Half Life - 33 - locked up

Half Life - 33 – locked up

June 11th, 2021

It starts with a small prick, followed by a gentle insertion. Once in deep enough it is withdrawn and replaced with a plastic tube. The canula signals the start of another treatment cycle, with slightly salty water dripping into an arm until the radioactive injection is pushed in, kept company by yet more saline. Left alone with a book, a water jug, and the bag on a stand, the radioactive isotope is, with luck, finding its way through arteries and veins to kill Nobby the cancer with miniature radioactive explosions. The technician, Geiger counter in hand, comes in every half an hour, stands a carefully measured metre away, checks the radioactivity is at the right levels, and to encourages me to go to the toilet. Blood spurting from the hole in my arm as the canula is removed, putting the future of a decent shirt in doubt, provides the most excitement my small cell had seen all day.  

Keeping amused while isolated in the clinic is nothing compared to avoiding everyone for the seven days that follow. Dancing around children in the kitchen so they never get too close, dissuading the dog from jumping on the bed for her ritual early morning cuddle, and eating on my own, all keep the radiation away from those who don’t need it, but make life complicated.

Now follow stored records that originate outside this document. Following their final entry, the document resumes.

(* Let $r>1$. For a positive integer $x$, let $q_r(x,x)$ be the probability that the CA competition process with fitness ratio $r$ started at $(x,x)$ satisfies $X_t\ne Y_t$ for all $t\ge1$. Then \[ q_r(x,x)\to\frac{r-1}{r+1}\quad\text{as } x\to\infty. \]
   Context: The CA competition process with fitness ratio $r\ge 1$ started at $(x_0,y_0)$ is the discrete-time Markov chain $\{(X_t,Y_t)\}_{t\ge0}$ on $\{(x,y)\in\mathbb{Z}^2: x\ge1,y\ge1\}$ with $(X_0,Y_0)=(x_0,y_0)$ and transition probabilities: from $(x,y)$ it moves to $(x+1,y)$ with probability $\frac{rx}{rx+y}$ and to $(x,y+1)$ with probability $\frac{y}{rx+y}$. *)

theory Defs
  imports Complex_Main
begin

definition ca_px :: "real \<Rightarrow> nat \<Rightarrow> nat \<Rightarrow> real" where
  "ca_px r x y = r * real x / (r * real x + real y)"

definition ca_py :: "real \<Rightarrow> nat \<Rightarrow> nat \<Rightarrow> real" where
  "ca_py r x y = real y / (r * real x + real y)"

text \<open>ca_avoid r n x y = probability that the process started at (x,y) satisfies
  X_t \<noteq> Y_t for all 1 \<le> t \<le> n (first-step decomposition of the path probability).\<close>

fun ca_avoid :: "real \<Rightarrow> nat \<Rightarrow> nat \<Rightarrow> nat \<Rightarrow> real" where
  "ca_avoid r 0 x y = 1"
| "ca_avoid r (Suc n) x y =
     ca_px r x y * (if Suc x = y then 0 else ca_avoid r n (Suc x) y)
   + ca_py r x y * (if Suc y = x then 0 else ca_avoid r n x (Suc y))"

text \<open>q_r(x,y) = probability that X_t \<noteq> Y_t for all t \<ge> 1: the limit (infimum) of the
  non-increasing finite-horizon probabilities (continuity of measure from above).\<close>

definition ca_q :: "real \<Rightarrow> nat \<Rightarrow> nat \<Rightarrow> real" where
  "ca_q r x y = (INF n. ca_avoid r n x y)"

end

theory Submission
  imports Defs
begin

Sitting upstairs, even with the ability to choose the program on the screen, is a lonely experience as the laughter from downstairs floats up. Getting the whole bed, sprawling in every direction during the night without being thumped, is one of the few the positive parts of the experience. 

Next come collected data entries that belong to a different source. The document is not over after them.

text \<open>The semidirect product GL(infinity,F_2) \<ltimes> F_2^infinity, with g v g^{-1} = g(v):
  the pair (g, v) stands for the element v g, so (g,v)(h,w) = (gh, v + g(w)).\<close>
definition G_semidirect :: "(mat2 \<times> vec2) monoid" where
  "G_semidirect = \<lparr> carrier = GL_inf \<times> fin_vecs,
     mult = (\<lambda>(g, v) (h, w). (mat_mult g h, \<lambda>i. v i + mat_vec g w i)),
     one = (id_mat, \<lambda>i. 0) \<rparr>"

definition transl_subgroup :: "(mat2 \<times> vec2) set" where
  "transl_subgroup = {(id_mat, v) | v. v \<in> fin_vecs}"

end

theory Submission
  imports Defs "HOL-Algebra.Generated_Groups"
begin

text \<open>Write V for F_2^infinity. If a normal subgroup H meets V only in 0, then for (g,u) in H and
  w in V the commutator of the translation by w with (g,u) is the translation by w + g w, so g = 1
  and H is trivial. The transvections I + u f^T with f(u) = 0 are involutions and act transitively
  on V - {0}, so a normal subgroup containing a nonzero translation contains V. If H moreover
  contains some (g,u) with g \<noteq> 1, then it contains (g,0), and the commutator of g with a suitable
  transvection is again a transvection. Any two transvections with u, f \<noteq> 0 are conjugate, so H
  contains all of them; by column and row elimination they generate GL(infinity,F_2), so H = G.\<close>

declare add_bit_eq_xor[simp del] mult_bit_eq_and[simp del]

lemma bit_add_eq_0_iff: "(a::bit) + b = 0 \<longleftrightarrow> a = b"
  by (cases a; cases b) simp_all

section \<open>Finitely supported linear algebra over F_2\<close>

definition dot :: "vec2 \<Rightarrow> vec2 \<Rightarrow> bit" where
  "dot a b = (\<Sum>k\<in>{k. a k \<noteq> 0 \<and> b k \<noteq> 0}. a k * b k)"

definition unit_vec :: "nat \<Rightarrow> vec2" where
  "unit_vec p = (\<lambda>k. if k = p then 1 else 0)"

definition finite_rows :: "mat2 \<Rightarrow> bool" where
  "finite_rows M \<longleftrightarrow> (\<forall>i. finite {k. M i k \<noteq> 0})"

definition id_beyond :: "nat \<Rightarrow> mat2 \<Rightarrow> bool" where
  "id_beyond n M \<longleftrightarrow> (\<forall>i j. n \<le> i \<or> n \<le> j \<longrightarrow> M i j = id_mat i j)"

lemma mat_vec_eq_dot: "mat_vec M v i = dot (M i) v"
  by (simp add: mat_vec_def dot_def)

lemma mat_mult_eq_dot: "mat_mult M N i j = dot (M i) (\<lambda>k. N k j)"
  by (simp add: mat_mult_def dot_def)

lemma mat_mult_eq_mat_vec: "mat_mult M N i j = mat_vec M (\<lambda>k. N k j) i"
  by (simp add: mat_mult_def mat_vec_def)

lemma dot_eq_sum_left:
  "finite R \<Longrightarrow> {k. a k \<noteq> 0} \<subseteq> R \<Longrightarrow> dot a b = (\<Sum>k\<in>R. a k * b k)"
  unfolding dot_def by (rule sum.mono_neutral_left) auto

lemma dot_commute: "dot a b = dot b a"
  unfolding dot_def by (simp add: conj_commute mult.commute)

lemma dot_add_right:
  assumes "finite {k. a k \<noteq> 0}"
  shows "dot a (\<lambda>k. b k + c k) = dot a b + dot a c"
  by (simp add: dot_eq_sum_left[OF assms] sum.distrib distrib_left)

lemma dot_add_left:
  assumes "finite {k. a k \<noteq> 0}" "finite {k. b k \<noteq> 0}"
  shows "dot (\<lambda>k. a k + b k) c = dot a c + dot b c"
proof -
  let ?R = "{k. a k \<noteq> 0} \<union> {k. b k \<noteq> 0}"
  have R: "finite ?R" using assms by simp
  have "dot (\<lambda>k. a k + b k) c = (\<Sum>k\<in>?R. (a k + b k) * c k)"
    by (rule dot_eq_sum_left[OF R]) auto
  also have "\<dots> = (\<Sum>k\<in>?R. a k * c k) + (\<Sum>k\<in>?R. b k * c k)"
    by (simp add: sum.distrib distrib_right)
  also have "\<dots> = dot a c + dot b c"
    by (subst (1 2) dot_eq_sum_left[OF R]) auto
  finally show ?thesis .
qed

lemma dot_scale_right: "dot a (\<lambda>k. c * b k) = c * dot a b"
  by (cases c) (simp_all add: dot_def)

lemma dot_scale_left: "dot (\<lambda>k. c * a k) b = c * dot a b"
  by (cases c) (simp_all add: dot_def)

lemma dot_unit_vec_left [simp]: "dot (unit_vec p) v = v p"
  by (subst dot_eq_sum_left[of "{p}"]) (auto simp: unit_vec_def)

lemma dot_unit_vec_right [simp]: "dot v (unit_vec p) = v p"
  using dot_unit_vec_left dot_commute by metis

lemma dot_zero_right [simp]: "dot a (\<lambda>_. 0) = 0"
  by (simp add: dot_def)

lemma unit_vec_apply: "unit_vec p k = (if k = p then 1 else 0)"
  by (simp add: unit_vec_def)

text \<open>Not a simp rule: it eta-contracts to \<open>id_mat = unit_vec\<close>.\<close>
lemma id_mat_row: "id_mat i = unit_vec i"
  by (auto simp: id_mat_def unit_vec_def)

lemma dot_id_mat_row [simp]: "dot (id_mat i) v = v i"
  by (simp add: id_mat_row)

lemma dot_id_mat_col [simp]: "dot a (\<lambda>k. id_mat k j) = a j"
  by (simp add: id_mat_def flip: unit_vec_def)

lemma unit_vec_col [simp]: "(\<lambda>k. unit_vec k j) = unit_vec j"
  by (auto simp: unit_vec_def)

lemma unit_vec_nonzero: "unit_vec m \<noteq> (\<lambda>_. 0)"
  by (metis unit_vec_def zero_neq_one)

lemma finite_rows_id_mat [simp]: "finite_rows id_mat"
  by (simp add: finite_rows_def id_mat_row unit_vec_def)

lemma mat_vec_id_mat [simp]: "mat_vec id_mat v = v"
  by (rule ext) (simp add: mat_vec_eq_dot)

lemma mat_mult_id_mat_left [simp]: "mat_mult id_mat M = M"
  by (intro ext) (simp add: mat_mult_eq_dot)

lemma mat_mult_id_mat_right [simp]: "mat_mult M id_mat = M"
  by (intro ext) (simp add: mat_mult_eq_dot)

lemma mat_vec_zero [simp]: "mat_vec M (\<lambda>_. 0) = (\<lambda>_. 0)"
  by (rule ext) (simp add: mat_vec_eq_dot)

lemma mat_vec_unit_vec: "mat_vec M (unit_vec j) = (\<lambda>i. M i j)"
  by (rule ext) (simp add: mat_vec_eq_dot)

lemma mat_vec_add:
  "finite_rows M \<Longrightarrow> mat_vec M (\<lambda>k. v k + w k) = (\<lambda>i. mat_vec M v i + mat_vec M w i)"
  by (intro ext) (auto simp: mat_vec_eq_dot finite_rows_def intro!: dot_add_right)

lemma mat_mult_row_support:
  "{k. mat_mult M N i k \<noteq> 0} \<subseteq> (\<Union>l\<in>{l. M i l \<noteq> 0}. {k. N l k \<noteq> 0})"
proof
  fix k assume k: "k \<in> {k. mat_mult M N i k \<noteq> 0}"
  have "{l. M i l \<noteq> 0 \<and> N l k \<noteq> 0} \<noteq> {}"
  proof
    assume "{l. M i l \<noteq> 0 \<and> N l k \<noteq> 0} = {}"
    then have "mat_mult M N i k = 0" unfolding mat_mult_def by (simp only: sum.empty)
    with k show False by simp
  qed
  then show "k \<in> (\<Union>l\<in>{l. M i l \<noteq> 0}. {k. N l k \<noteq> 0})" by blast
qed

lemma finite_rows_mat_mult:
  "finite_rows M \<Longrightarrow> finite_rows N \<Longrightarrow> finite_rows (mat_mult M N)"
  unfolding finite_rows_def by (blast intro: finite_subset[OF mat_mult_row_support])

lemma mat_vec_mat_mult:
  assumes "finite_rows M" "finite_rows N"
  shows "mat_vec (mat_mult M N) v = mat_vec M (mat_vec N v)"
proof
  fix i
  define L where "L = {l. M i l \<noteq> 0}"
  define K where "K = (\<Union>l\<in>L. {k. N l k \<noteq> 0})"
  have L: "finite L" using assms by (auto simp: finite_rows_def L_def)
  have K: "finite K" using assms L by (auto simp: finite_rows_def K_def)
  have row: "mat_mult M N i k = (\<Sum>l\<in>L. M i l * N l k)" for k
    unfolding mat_mult_eq_dot by (rule dot_eq_sum_left[OF L]) (simp add: L_def)
  have col: "mat_vec N v l = (\<Sum>k\<in>K. N l k * v k)" if "l \<in> L" for l
    unfolding mat_vec_eq_dot by (rule dot_eq_sum_left[OF K]) (use that in \<open>auto simp: K_def\<close>)
  have "mat_vec (mat_mult M N) v i = (\<Sum>k\<in>K. mat_mult M N i k * v k)"
    unfolding mat_vec_eq_dot
    by (rule dot_eq_sum_left[OF K]) (use mat_mult_row_support in \<open>auto simp: K_def L_def\<close>)
  also have "\<dots> = (\<Sum>k\<in>K. (\<Sum>l\<in>L. M i l * N l k) * v k)"
    by (simp only: row)
  also have "\<dots> = (\<Sum>l\<in>L. M i l * (\<Sum>k\<in>K. N l k * v k))"
    by (simp add: sum_distrib_left sum_distrib_right mult.assoc sum.swap[of _ K])
  also have "\<dots> = (\<Sum>l\<in>L. M i l * mat_vec N v l)"
    by (simp add: col)
  also have "\<dots> = mat_vec M (mat_vec N v) i"
    unfolding mat_vec_eq_dot[of M] by (rule dot_eq_sum_left[OF L, symmetric]) (auto simp: L_def)
  finally show "mat_vec (mat_mult M N) v i = mat_vec M (mat_vec N v) i" .
qed

lemma mat_mult_assoc:
  "finite_rows M \<Longrightarrow> finite_rows N \<Longrightarrow> mat_mult (mat_mult M N) P = mat_mult M (mat_mult N P)"
  by (intro ext) (simp add: mat_mult_eq_mat_vec[of _ P] mat_vec_mat_mult mat_mult_eq_mat_vec[of M])

lemma id_beyond_row: "id_beyond n M \<Longrightarrow> n \<le> i \<Longrightarrow> M i = unit_vec i"
  by (intro ext) (simp add: id_beyond_def flip: id_mat_row)

lemma id_beyond_col: "id_beyond n M \<Longrightarrow> n \<le> j \<Longrightarrow> (\<lambda>k. M k j) = unit_vec j"
  by (auto simp: id_beyond_def id_mat_def unit_vec_def)

lemma id_beyond_mono: "id_beyond n M \<Longrightarrow> n \<le> m \<Longrightarrow> id_beyond m M"
  by (auto simp: id_beyond_def)

lemma id_beyond_finite_rows:
  assumes "id_beyond n M"
  shows "finite_rows M"
  unfolding finite_rows_def
proof
  fix i
  have "{k. M i k \<noteq> 0} \<subseteq> insert i {..<n}"
    using assms by (auto simp: id_beyond_def id_mat_def) (metis not_le zero_neq_one)
  then show "finite {k. M i k \<noteq> 0}" by (rule finite_subset) simp
qed

lemma fin_mats_iff_id_beyond: "M \<in> fin_mats \<longleftrightarrow> (\<exists>n. id_beyond n M)"
proof
  let ?D = "{(i, j). M i j \<noteq> id_mat i j}"
  assume "M \<in> fin_mats"
  then have "finite (fst ` ?D \<union> snd ` ?D)" by (simp add: fin_mats_def)
  then obtain n where "\<forall>x \<in> fst ` ?D \<union> snd ` ?D. x < n"
    using finite_nat_set_iff_bounded by blast
  then have "id_beyond n M"
    unfolding id_beyond_def by (metis (mono_tags) UnCI case_prodI fst_conv snd_conv imageI
        mem_Collect_eq not_le)
  then show "\<exists>n. id_beyond n M" ..
next
  assume "\<exists>n. id_beyond n M"
  then obtain n where "id_beyond n M" ..
  then have "{(i, j). M i j \<noteq> id_mat i j} \<subseteq> {..<n} \<times> {..<n}"
    by (auto simp: id_beyond_def) (meson not_le)+
  then show "M \<in> fin_mats" unfolding fin_mats_def by (auto intro: finite_subset)
qed

lemma fin_mats_finite_rows: "M \<in> fin_mats \<Longrightarrow> finite_rows M"
  using fin_mats_iff_id_beyond id_beyond_finite_rows by blast

lemma mat_mult_row_unit_vec: "M i = unit_vec i \<Longrightarrow> mat_mult M N i j = N i j"
  by (simp add: mat_mult_eq_dot)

It was having to miss The Wife’s birthday which hurt the most. It was one of those with a zero at the end, a big one with which the word crisis can be linked. She was well catered for, family and childhood friends conspiring to surprise her at her parents’ house. Failing the Mrs Marple test, she didn’t notice any of the clues unintentionally dropped during the days leading up to it. Information security was so poor even JJ the dog knew there was a party waiting for her to walk in to.  As she celebrated in the sunshine far away, all attempts to address the tiredness the treatment generated were thwarted by a stream of deliveries. Every inch of the kitchen table was covered with gift boxes and bunches of flowers, and all objections to the large number of vases we accommodate, which act as housing for spiders and dust, were swept aside as even the ugly ones were called on to perform their primary function. 

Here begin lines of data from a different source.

lemma Qmod_eval:
  assumes "p \<in> Qmod k H" "\<forall>h\<in>set H. is_poly2 h"
  obtains \<sigma>s where "\<forall>j<length H + 1. is_sos (\<sigma>s ! j)"
    "\<And>x. eval2 p x = (\<Sum>j<length H + 1. eval2 (\<sigma>s ! j) x * eval2 ((const2 1 # H) ! j) x)"
proof -
  obtain \<sigma>s where p: "p = (\<lambda>\<alpha>. \<Sum>j<length H + 1. pmul (\<sigma>s ! j) ((const2 1 # H) ! j) \<alpha>)"
    and \<sigma>s: "length \<sigma>s = length H + 1" "\<forall>j<length H + 1. is_sos (\<sigma>s ! j)"
    using assms(1) unfolding Qmod_def by auto
  have gens: "\<forall>j<length H + 1. is_poly2 ((const2 1 # H) ! j)"
    using assms(2) is_poly2_const2 by (auto simp: nth_Cons split: nat.split)
  then have terms: "\<forall>j\<in>{..<length H + 1}. is_poly2 (pmul (\<sigma>s ! j) ((const2 1 # H) ! j))"
    using \<sigma>s(2) sos_nonneg(1) pmul_poly2(1) by blast
  show ?thesis
    using that[OF \<sigma>s(2)] sum_poly2[OF terms] gens \<sigma>s(2) by (simp add: p sos_nonneg pmul_poly2)
qed

section \<open>The hierarchy TH\<close>

lemma supp2_X1: "supp2 X1 = {(1, 0)}"
  by (auto simp: supp2_def X1_def)

lemma supp2_cusp: "supp2 cusp = {(2, 0), (0, 3)}"
  by (auto simp: supp2_def cusp_def)

lemma eval2_const2: "eval2 (const2 c) x = c"
proof -
  have "supp2 (const2 c) = (if c = 0 then {} else {(0, 0)})"
    by (auto simp: supp2_def const2_def)
  then show ?thesis
    by (simp add: eval2_def const2_def)
qed

lemma eval2_X1: "eval2 X1 x = fst x"
  unfolding eval2_def supp2_X1 by (simp add: X1_def)

lemma eval2_cusp: "eval2 cusp x = fst x ^ 2 - snd x ^ 3"
  unfolding eval2_def supp2_cusp by (simp add: cusp_def)

lemma affine_nonneg_on_ray:
  fixes a b :: real
  assumes "\<And>s. 0 \<le> s \<Longrightarrow> 0 \<le> a + b * s"
  shows "0 \<le> b"
proof (rule ccontr)
  assume "\<not> 0 \<le> b"
  then have "eventually (\<lambda>s. a + b * s < 0) at_top"
    by real_asymp
  moreover have "eventually (\<lambda>s::real. 0 \<le> s) at_top"
    by (rule eventually_ge_at_top)
  ultimately have "eventually (\<lambda>s. a + b * s < 0 \<and> 0 \<le> s) at_top"
    by (rule eventually_conj)
  then obtain s where "a + b * s < 0" "0 \<le> s"
    using eventually_happens'[OF trivial_limit_at_top_linorder] by blast
  then show False
    using assms by fastforce
qed

lemma nonneg_poly_eventually_ge_at_bot:
  fixes P :: "real poly"
  assumes "\<And>t. 0 \<le> poly P t" "P \<noteq> 0"
  obtains d where "0 < d" "eventually (\<lambda>t. d \<le> poly P t) at_bot"
proof (cases "degree P = 0")
  case True
  then obtain c where "P = [:c:]"
    by (metis degree_eq_zeroE)
  with assms have "0 < c" "\<And>t. poly P t = c"
    by fastforce+
  with that show ?thesis
    by simp
next
  case False
  have "filterlim (poly P) at_infinity at_bot"
    using filterlim_poly_at_infinity[of P] False filterlim_mono at_bot_le_at_infinity by blast
  then have "eventually (\<lambda>t. 1 \<le> norm (poly P t)) at_bot"
    by (simp add: filterlim_at_infinity[OF order_refl])
  with that[of 1] assms(1) show ?thesis
    by (simp add: eventually_mono)
qed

An unrecorded, and tragic, side-effect of this round of radiation isotope treatment is a, I hope temporary, aversion to wine, whisky, and beer. Chemotherapy managed to make food taste like badly made humus and red wine like chewing aluminium foil. This therapy was not meant to do anything as disastrous and, previously, hadn’t got in the way of the compulsory daily alcohol intake.  Experimentation, in the name of science, to see how long it lasts is on-going and, after four days, there are indications of it wearing off as radiation levels drop. The curse of tee-totalism looks like it will be avoided.

The days separated from the world, and wine, drag on. Schadenfreude when watching the new national sport of going abroad and then rushing back just as the government, with an evil chuckle, changes the rules, loses its joy after listening to the twentieth radio interview with an upset holidaymaker standing in an airport. It was easier when the media was full of stories about people living on their own in lockdown, at least then there was a sense of being involved in psychological experiment on mass obedience and the orchestrated damaging of saucepans on doorsteps. 

The irrational, intense, need to eat which the steroids caused had resulted in piling on weight and a puffy face worthy of Captain Pugwash. Cravings were never for fruit and vegetables but crisps, donuts, and sausage rolls. So much that, in the week leading up to isolation, Older Boy was forced, slightly against his will, to head into Greggs as soon as it had re-opened to fetch the full meat, full fat, full gluten sausage rolls needed. The donut bribe was insufficient to remove his obvious disapproval at my culinary choices. Using isolation as an opportunity to come off the steroids, and maybe the sausage rolls, resulted in my no longer feeling like a very hungry caterpillar the whole time. Release from the isolation cocoon, when it comes, may not produce a beautiful butterfly, but certainly a thinner one. 

With the end beckoning like a jail release date, when I am reunited with the family I live with but have not touched for a week, a potential lunch date is already planned for day one and discussions about where to go over the weekend are conducted at high volume between rooms. Until then, the garden, with the summer warmth bringing it back into use, looks like the place to spend the time, as it gives enough distance away from the children as they muck about so as not to mutate them any more than they already are.